Pengakuan Atas Hak Ulayat Raja dan Sultan
Kanjeng Eko menguraikan, Kasultanan sebagai badan hukum
merupakan subjek hak yang mempunyai hak milik atas tanah Kasultanan. Tanah
Kasultanan meliputi tanah keprabon dan tanah bukan keprabon yang terdapat di
seluruh kabupaten/kota dalam wilayah kesultanan atau kerajaan tersebut. Namun
sayangnya, sebagian besar tanah kerajaan itu sempat dirampas Belanda untuk
perkebunan maupun pembangunan kota.
“Tapi, ironisnya tanah
ulayat itu tidak kembali ke Kerajaan dan Kesultanan, tetapi sudah beralih
status menjadi tanah milik negara. Negara pun tidak memberikan kepada rakyat
kecil, tetapi kepada pemilik perusahaan perkebunan", imbuh
Kangjeng
Padahal, kata Kangjeng Eko, ada ketentuan hukum adat yang
berlaku di tenagah masyarakat adat Nusantara, sebagaimana disebutkan dalam
pepatah ninik mamak di Minangkabau, yaitu kabau pai kubangan tingga (red-‘kerbau
pergi kubangan tinggal’)". Hal ini, merupakan suatu perumpamaan atau
analogi bila seekor kerbau meninggalkan kubangan, maka kubangan itu kembali
kepada si pemilik kubangan.
"Maknanya,
semasa Belanda menjajah, maka mereka “berkubang” di Tanah Ulayat Adat Nenek
Moyang kita. Maka, ketika si penjajah angkat kaki dari Bumi Nusantara,
seharusnya “kubangan” itu kembali kepada pemilik, yakni Pewaris Tanah
Ulayat," tegas Kangjeng Eko.
Namun demikian, Kangjeng Eko menjelaskan, para Raja dan
Sultan tentu saja menyadari bahwa negara kita tidak lagi menganut sistem
kerajaan, tetapi demokrasi. Maka, peran strategis yang diperjuangkan sekarang
ini, diutamakan kepada upaya pelestarian adat dan budaya, yang bersumber dalam
tradisi panjang masing-masing Kerajaan dan Kesultanan.
“Tentu ini bukan pekerjaan mudah.

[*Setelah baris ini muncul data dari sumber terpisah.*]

(* For every $\delta\in\mathbb N$, there exist $\varepsilon > 1/4$ and a blowup $H$ of a 5-cycle with minimum degree at least $\delta$ such that $\sum_{v\in V(H)}1/(d(v) + \varepsilon) > 2$.
   Context: A blowup of a graph $F$ is a graph obtained from $F$ by replacing some vertices with cliques and replacing each edge by the complete bipartite graph between the corresponding vertex sets (i.e., vertices $x$ of $F$ are replaced by pairwise disjoint nonempty cliques $Q_x$, and for each edge $xy$ of $F$ every vertex of $Q_x$ is adjacent to every vertex of $Q_y$, with no other edges). $d(v)$ is the degree of $v$ in $H$. *)

theory Defs
  imports Main "HOL-Analysis.Analysis"
begin

definition c5_adj :: "nat \<Rightarrow> nat \<Rightarrow> bool" where
  "c5_adj x y \<longleftrightarrow> x < 5 \<and> y < 5 \<and> (y = (x + 1) mod 5 \<or> x = (y + 1) mod 5)"

definition blowup_C5 :: "'a set \<Rightarrow> ('a \<Rightarrow> 'a \<Rightarrow> bool) \<Rightarrow> bool" where
  "blowup_C5 V E \<longleftrightarrow> finite V \<and>
     (\<forall>u v. E u v \<longrightarrow> u \<in> V \<and> v \<in> V) \<and>
     (\<exists>f. (\<forall>v\<in>V. f v < (5::nat)) \<and> (\<forall>x<5. \<exists>v\<in>V. f v = x) \<and>
          (\<forall>u\<in>V. \<forall>v\<in>V. E u v \<longleftrightarrow> u \<noteq> v \<and> (f u = f v \<or> c5_adj (f u) (f v))))"

definition degree :: "'a set \<Rightarrow> ('a \<Rightarrow> 'a \<Rightarrow> bool) \<Rightarrow> 'a \<Rightarrow> nat" where
  "degree V E v = card {u \<in> V. E v u}"

end

theory Submission
  imports Defs
begin

text \<open>Blow up the 5-cycle with cliques of sizes n, 1, n, 1, 1. The 2n + 2 vertices in the
two big cliques and in the two singletons that meet only one big clique have degree n + 1,
while the singleton between the big cliques has degree 2n, so the sum is
(2n + 2)/(n + 1 + \<epsilon>) + 1/(2n + \<epsilon>). Its excess over 2 has the sign of
n + 1 + \<epsilon> - 4n\<epsilon> - 2\<epsilon>^2, which is positive for \<epsilon> = 1/4 + 1/(8n).\<close>

definition c5_class :: "'a set \<Rightarrow> ('a \<Rightarrow> nat) \<Rightarrow> nat \<Rightarrow> 'a set" where
  "c5_class V f x = {v \<in> V. f v = x}"

definition c5_blowup :: "'a set \<Rightarrow> ('a \<Rightarrow> nat) \<Rightarrow> 'a \<Rightarrow> 'a \<Rightarrow> bool" where
  "c5_blowup V f u v \<longleftrightarrow> u \<in> V \<and> v \<in> V \<and> u \<noteq> v \<and> (f u = f v \<or> c5_adj (f u) (f v))"

definition c5_class_degree :: "'a set \<Rightarrow> ('a \<Rightarrow> nat) \<Rightarrow> nat \<Rightarrow> nat" where
  "c5_class_degree V f x =
     card (c5_class V f x) - 1 + card (c5_class V f ((x + 1) mod 5)) + card (c5_class V f ((x + 4) mod 5))"

lemma c5_adj_iff:
  assumes "x < 5"
  shows "c5_adj x y \<longleftrightarrow> y = (x + 1) mod 5 \<or> y = (x + 4) mod 5"
proof -
  consider "x = 0" | "x = 1" | "x = 2" | "x = 3" | "x = 4"
    using assms by linarith
  then show ?thesis
    unfolding c5_adj_def by (cases; simp; presburger)
qed

lemma blowup_C5_c5_blowup:
  assumes "finite V" "\<forall>v\<in>V. f v < 5" "\<forall>x<5. \<exists>v\<in>V. f v = x"
  shows "blowup_C5 V (c5_blowup V f)"
  unfolding blowup_C5_def using assms by (auto simp: c5_blowup_def)

lemma degree_c5_blowup:
  assumes "finite V" "v \<in> V" "f v < 5"
  shows "degree V (c5_blowup V f) v = c5_class_degree V f (f v)"
proof -
  let ?Q = "c5_class V f"
  have neq: "f v \<noteq> (f v + 1) mod 5" "f v \<noteq> (f v + 4) mod 5" "(f v + 1) mod 5 \<noteq> (f v + 4) mod 5"
    by presburger+
  have "{u \<in> V. c5_blowup V f v u} = (?Q (f v) - {v}) \<union> ?Q ((f v + 1) mod 5) \<union> ?Q ((f v + 4) mod 5)"
    using assms(2,3) neq by (auto simp: c5_blowup_def c5_class_def c5_adj_iff)
  moreover have "finite (?Q x)" for x
    using assms(1) by (simp add: c5_class_def)
  ultimately show ?thesis
    using assms(2) neq unfolding degree_def c5_class_degree_def
    by (simp add: card_Un_disjoint c5_class_def disjoint_iff)
qed

lemma sum_degree_c5_blowup:
  assumes "finite V" "\<forall>v\<in>V. f v < 5"
  shows "(\<Sum>v\<in>V. g (degree V (c5_blowup V f) v))
           = (\<Sum>x<5. of_nat (card (c5_class V f x)) * g (c5_class_degree V f x))"
proof -
  have "(\<Sum>v\<in>V. g (degree V (c5_blowup V f) v)) = (\<Sum>v\<in>V. g (c5_class_degree V f (f v)))"
    using assms by (simp add: degree_c5_blowup)
  also have "\<dots> = (\<Sum>x<5. \<Sum>v\<in>c5_class V f x. g (c5_class_degree V f (f v)))"
    using assms by (subst sum.group[symmetric, of V "{..<5}" f]) (auto simp: c5_class_def)
  also have "\<dots> = (\<Sum>x<5. of_nat (card (c5_class V f x)) * g (c5_class_degree V f x))"
    by (rule sum.cong) (auto simp: c5_class_def)
  finally show ?thesis .
qed

definition unbalanced_class :: "nat \<Rightarrow> nat \<Rightarrow> nat" where
  "unbalanced_class n v =
     (if v < n then 0 else if v = n then 1 else if v \<le> 2*n then 2 else if v = 2*n + 1 then 3 else 4)"

lemma card_c5_class_unbalanced:
  assumes "x < 5"
  shows "card (c5_class {..<2*n + 3} (unbalanced_class n) x) = (if x = 0 \<or> x = 2 then n else 1)"
proof -
  have "x = 0 \<or> x = 1 \<or> x = 2 \<or> x = 3 \<or> x = 4" using assms by auto
  moreover have "c5_class {..<2*n + 3} (unbalanced_class n) 0 = {..<n}"
    and "c5_class {..<2*n + 3} (unbalanced_class n) 1 = {n}"
    and "c5_class {..<2*n + 3} (unbalanced_class n) 2 = {n<..2*n}"
    and "c5_class {..<2*n + 3} (unbalanced_class n) 3 = {2*n + 1}"
    and "c5_class {..<2*n + 3} (unbalanced_class n) 4 = {2*n + 2}"
    by (auto simp: c5_class_def unbalanced_class_def)
  ultimately show ?thesis by auto
qed

lemma unbalanced_class_less: "unbalanced_class n v < 5"
  by (simp add: unbalanced_class_def)

lemma c5_class_degree_unbalanced:
  assumes "n \<ge> 1" "x < 5"
  shows "c5_class_degree {..<2*n + 3} (unbalanced_class n) x = (if x = 1 then 2*n else n + 1)"
proof -
  have "x = 0 \<or> x = 1 \<or> x = 2 \<or> x = 3 \<or> x = 4" using assms(2) by auto
  then show ?thesis
    using assms(1) by (elim disjE) (simp_all add: c5_class_degree_def card_c5_class_unbalanced)
qed

lemma blowup_C5_unbalanced:
  assumes "n \<ge> 1"
  shows "blowup_C5 {..<2*n + 3} (c5_blowup {..<2*n + 3} (unbalanced_class n))"
proof (rule blowup_C5_c5_blowup)
  show "\<forall>x<5. \<exists>v\<in>{..<2*n + 3}. unbalanced_class n v = x"
  proof (intro allI impI)
    fix x :: nat
    assume "x < 5"
    then have "card (c5_class {..<2*n + 3} (unbalanced_class n) x) > 0"
      using assms card_c5_class_unbalanced[of x n] by simp
    then show "\<exists>v\<in>{..<2*n + 3}. unbalanced_class n v = x"
      by (auto simp: c5_class_def card_gt_0_iff)
  qed
qed (simp_all add: unbalanced_class_less)

lemma degree_unbalanced:
  assumes "n \<ge> 1" "v < 2*n + 3"
  shows "degree {..<2*n + 3} (c5_blowup {..<2*n + 3} (unbalanced_class n)) v
           = (if unbalanced_class n v = 1 then 2*n else n + 1)"
  using assms by (simp add: degree_c5_blowup unbalanced_class_less c5_class_degree_unbalanced)

lemma sum_degree_unbalanced:
  fixes g :: "nat \<Rightarrow> 'b::semiring_1"
  assumes "n \<ge> 1"
  shows "(\<Sum>v<2*n + 3. g (degree {..<2*n + 3} (c5_blowup {..<2*n + 3} (unbalanced_class n)) v))
           = of_nat (2*n + 2) * g (n + 1) + g (2*n)"
proof -
  let ?V = "{..<2*n + 3}" and ?f = "unbalanced_class n"
  have "(\<Sum>v\<in>?V. g (degree ?V (c5_blowup ?V ?f) v))
          = (\<Sum>x<5. of_nat (card (c5_class ?V ?f x)) * g (c5_class_degree ?V ?f x))"
    by (simp add: sum_degree_c5_blowup unbalanced_class_less)
  also have "\<dots> = of_nat (2*n + 2) * g (n + 1) + g (2*n)"
  proof -
    have sum_five: "(\<Sum>x<5. h x) = h 0 + h 1 + h 2 + h 3 + h 4" for h :: "nat \<Rightarrow> 'b"
      by (simp add: eval_nat_numeral)
    show ?thesis
      using assms by (simp add: sum_five card_c5_class_unbalanced c5_class_degree_unbalanced)
        (simp add: algebra_simps mult_2)
  qed
  finally show ?thesis .
qed

lemma unbalanced_sum_gt_two:
  fixes n :: real
  assumes "n \<ge> 1"
  defines "e \<equiv> 1/4 + 1/(8*n)"
  shows "2 < (2*n + 2) / (n + 1 + e) + 1 / (2*n + e)"
proof -
  have e_bounds: "1/4 < e" "e \<le> 3/8"
    using assms(1) by (auto simp: e_def field_simps)
  have "8 * n * e = 2 * n + 1"
    using assms(1) by (simp add: e_def field_simps)
  moreover have "2 * e * e < e"
    using e_bounds by (simp add: mult_strict_right_mono)
  ultimately have "2 * ((n + 1 + e) * (2*n + e)) < (2*n + 2) * (2*n + e) + (n + 1 + e)"
    by (simp add: algebra_simps)
  moreover have "0 < n + 1 + e" "0 < 2*n + e"
    using assms(1) e_bounds by linarith+
  ultimately show ?thesis
    by (simp add: add_frac_eq less_divide_eq)
qed

theorem proposition4p2:
  fixes \<delta> :: nat
  shows "\<exists>(\<epsilon>::real) (V::nat set) E. \<epsilon> > 1/4 \<and> blowup_C5 V E \<and>
           (\<forall>v\<in>V. degree V E v \<ge> \<delta>) \<and>
           (\<Sum>v\<in>V. 1 / (real (degree V E v) + \<epsilon>)) > 2"
proof -
  define n where "n = \<delta> + 1"
  define e where "e = 1/4 + 1/(8 * real n)"
  define V where "V = {..<2*n + 3}"
  define E where "E = c5_blowup V (unbalanced_class n)"
  have "n \<ge> 1"
    by (simp add: n_def)
  have "blowup_C5 V E"
    using blowup_C5_unbalanced[OF \<open>n \<ge> 1\<close>] by (simp add: V_def E_def)
  moreover have "\<forall>v\<in>V. \<delta> \<le> degree V E v"
    using degree_unbalanced[OF \<open>n \<ge> 1\<close>] by (simp add: V_def E_def n_def)
  moreover have "2 < (\<Sum>v\<in>V. 1 / (real (degree V E v) + e))"
  proof -
    have "2 < (2 * real n + 2) / (real n + 1 + e) + 1 / (2 * real n + e)"
      unfolding e_def using \<open>n \<ge> 1\<close> by (intro unbalanced_sum_gt_two) simp
    also have "\<dots> = (\<Sum>v\<in>V. 1 / (real (degree V E v) + e))"
      using sum_degree_unbalanced[OF \<open>n \<ge> 1\<close>, of "\<lambda>k. 1 / (real k + e)"]
      by (simp add: V_def E_def add_ac)
    finally show ?thesis .
  qed
  moreover have "e > 1/4"
    by (simp add: e_def n_def)
  ultimately show ?thesis
    by blast
qed

end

Butuh tenaga, pikiran, kerjasama berbagai pihak, dan keihlasan serta dana yang besar untuk mewujudkannya. Karena itulah diperlukan perhatian serius dari pemerintah pusat dan daerah untuk melestarikan dan merevitalisai peran strategis Kerajaan dan Kesultanan dalam Menjaga NKRI," pungkas Ketua Dewan Perancang Pembentukan Partai Nusantara itu. (az).